退役軍人の医療保険:種類・受給条件・申請手続き
退役の種類と医療保険の受給可否
医療保険の受給は、退役の形態により異なります。一般的な「名誉ある退役」や「普通退役」の場合は、ほぼすべての医療給付を受けられます。「名誉に値しない退役(Other Than Honorable)」でも一定の給付は受けられますが、不名誉退役(Bad Conduct)や不名誉退役(Dishonorable)の場合は、ほとんどの医療給付が受けられません。
医療給付の内容
退役軍人向けVA(退役軍人庁)医療給付は、以下のサービスを包括的に提供します。
- 予防医療・健康診断
- 外来診療・検査・治療
- 入院診療・検査・治療
- 薬剤・医療用品の提供
- 特定の退役軍人向けに、歯科医療や長期介護サービスも利用可能
これらのサービスは、基本的にVAが運営する医療施設で受ける必要があります。2023年時点で全米に約1,400ヶ所のVA施設があります。なお、在宅介護手当(Aid and Attendance)や在宅退役軍人手当(Housebound)を受給している場合は、VA外の医療機関での治療や薬の受取が認められるケースもあります。
受給資格の条件
受給資格は退役の種類に加えて、所得制限や服役期間にも左右されます。
- 年収がVAが定めた上限を超える場合、原則として給付は受けられません(2003年以降の制度)。

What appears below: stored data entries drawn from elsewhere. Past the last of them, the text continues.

definition bsigma_families :: "nat set set \<Rightarrow> nat set set \<Rightarrow> (nat \<Rightarrow> nat set) set set" where
  "bsigma_families I J = {\<E>. \<E> \<subseteq> monoM I \<and>
     (\<forall>A\<in>monoM J. \<exists>E\<in>\<E>. infinite {n. \<not> E n \<subseteq> A n})}"

definition addw_families :: "nat set set \<Rightarrow> nat set set \<Rightarrow> nat set set set" where
  "addw_families I J = {\<A>. \<A> \<subseteq> I \<and>
     (\<forall>B :: nat \<Rightarrow> nat set. (\<forall>n. B n \<in> J) \<longrightarrow> (\<exists>A\<in>\<A>. \<forall>n. \<not> A \<subseteq> B n))}"

text \<open>|S| < min {|F| : F \<in> Fam} (with min of the empty set = infinity),
  i.e. |S| < |F| for every F \<in> Fam.\<close>
definition card_less_min :: "'a set \<Rightarrow> 'b set set \<Rightarrow> bool" where
  "card_less_min S Fam \<longleftrightarrow> (\<forall>F\<in>Fam. S \<prec> F)"

end

theory Submission
  imports Defs
begin

text \<open>
  For the implications (a) \<Longrightarrow> (b), each point x contributes one witness: the
  disjointified threshold sets \<open>{n. 1/(k+2) \<le> |f n x|}\<close> (in \<open>hatP I\<close>), the
  increasing threshold sets (in \<open>monoM I\<close>), or the exceptional set \<open>{n. \<epsilon> n \<le> |f n x|} \<in> J\<close>.
  This is a family of at most |X| members, so by the cardinal hypothesis it does not witness
  the cardinal: one partition \<open>A \<in> partP J\<close>, one \<open>A \<in> monoM K\<close>, or one sequence \<open>C\<close>
  in K controls every point. The partition gives \<open>\<epsilon> m = 1/(i+1)\<close> for \<open>m \<in> A i\<close>; in the
  other two cases X is the union of the pieces \<open>Xs k\<close> of points controlled by \<open>C k\<close>,
  resp. by \<open>A\<close> from stage k on.
  In (2) the hypothesis already forces \<open>J \<subseteq> K\<close> (for \<open>A \<in> J - K\<close> the singleton \<open>{A}\<close>
  would be a witness family), so \<open>\<epsilon>\<close> is also K-convergent.
  For (b) \<Longrightarrow> (c) apply (b) to the sequence of constant functions \<open>f n = indicator A n\<close>.
\<close>

lemma ideal_subset: "ideal I \<Longrightarrow> A \<in> I \<Longrightarrow> B \<subseteq> A \<Longrightarrow> B \<in> I"
  unfolding ideal_def by blast

lemma ideal_Un: "ideal I \<Longrightarrow> A \<in> I \<Longrightarrow> B \<in> I \<Longrightarrow> A \<union> B \<in> I"
  unfolding ideal_def by blast

lemma ideal_finite: "ideal I \<Longrightarrow> finite A \<Longrightarrow> A \<in> I"
  unfolding ideal_def by blast

lemma ideal_finite_UN:
  assumes "ideal I" and "finite F" and "\<And>i. i \<in> F \<Longrightarrow> A i \<in> I"
  shows "(\<Union>i\<in>F. A i) \<in> I"
  using assms(2,3)
proof (induction F rule: finite_induct)
  case empty
  then show ?case using ideal_finite[OF \<open>ideal I\<close>] by simp
next
  case (insert i F)
  then show ?case using ideal_Un[OF \<open>ideal I\<close>] by simp
qed

lemma image_notin_if_card_less_min: "card_less_min S Fam \<Longrightarrow> g ` S \<notin> Fam"
  unfolding card_less_min_def using image_lepoll lesspoll_trans2 lesspoll_not_refl by blast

- 戦争捕虜経験者、戦傷や障害を負った者、パープルハート受章者は所得に関係なく給付対象です。
- 服役年数が長いほど、受給のハードルが低くなります。
受給可能かどうかは、VA公式サイトの「受給資格調査」から簡易チェックできます。所得に応じて自己負担額(コペイ)が発生する場合があり、その分は民間保険でカバーできることもあります。
申請手続きの流れ
受給資格があると判断されたら、以下の手順で申請します。
- VAフォーム10-10EZ(医療給付申請書)をオンライン(va.gov)または電話(1‑877‑222‑VETS)で取得。
- 必要事項を記入し、最寄りのVA医療センターへ郵送。
- センター側で書類を受理後、面談日程を通知。面談時に最終的な受給可否が確定し、医療サービスの利用が開始されます。
受給が承認されると、VAから正式な受給通知が届き、医療施設での予約や薬の受取が可能になります。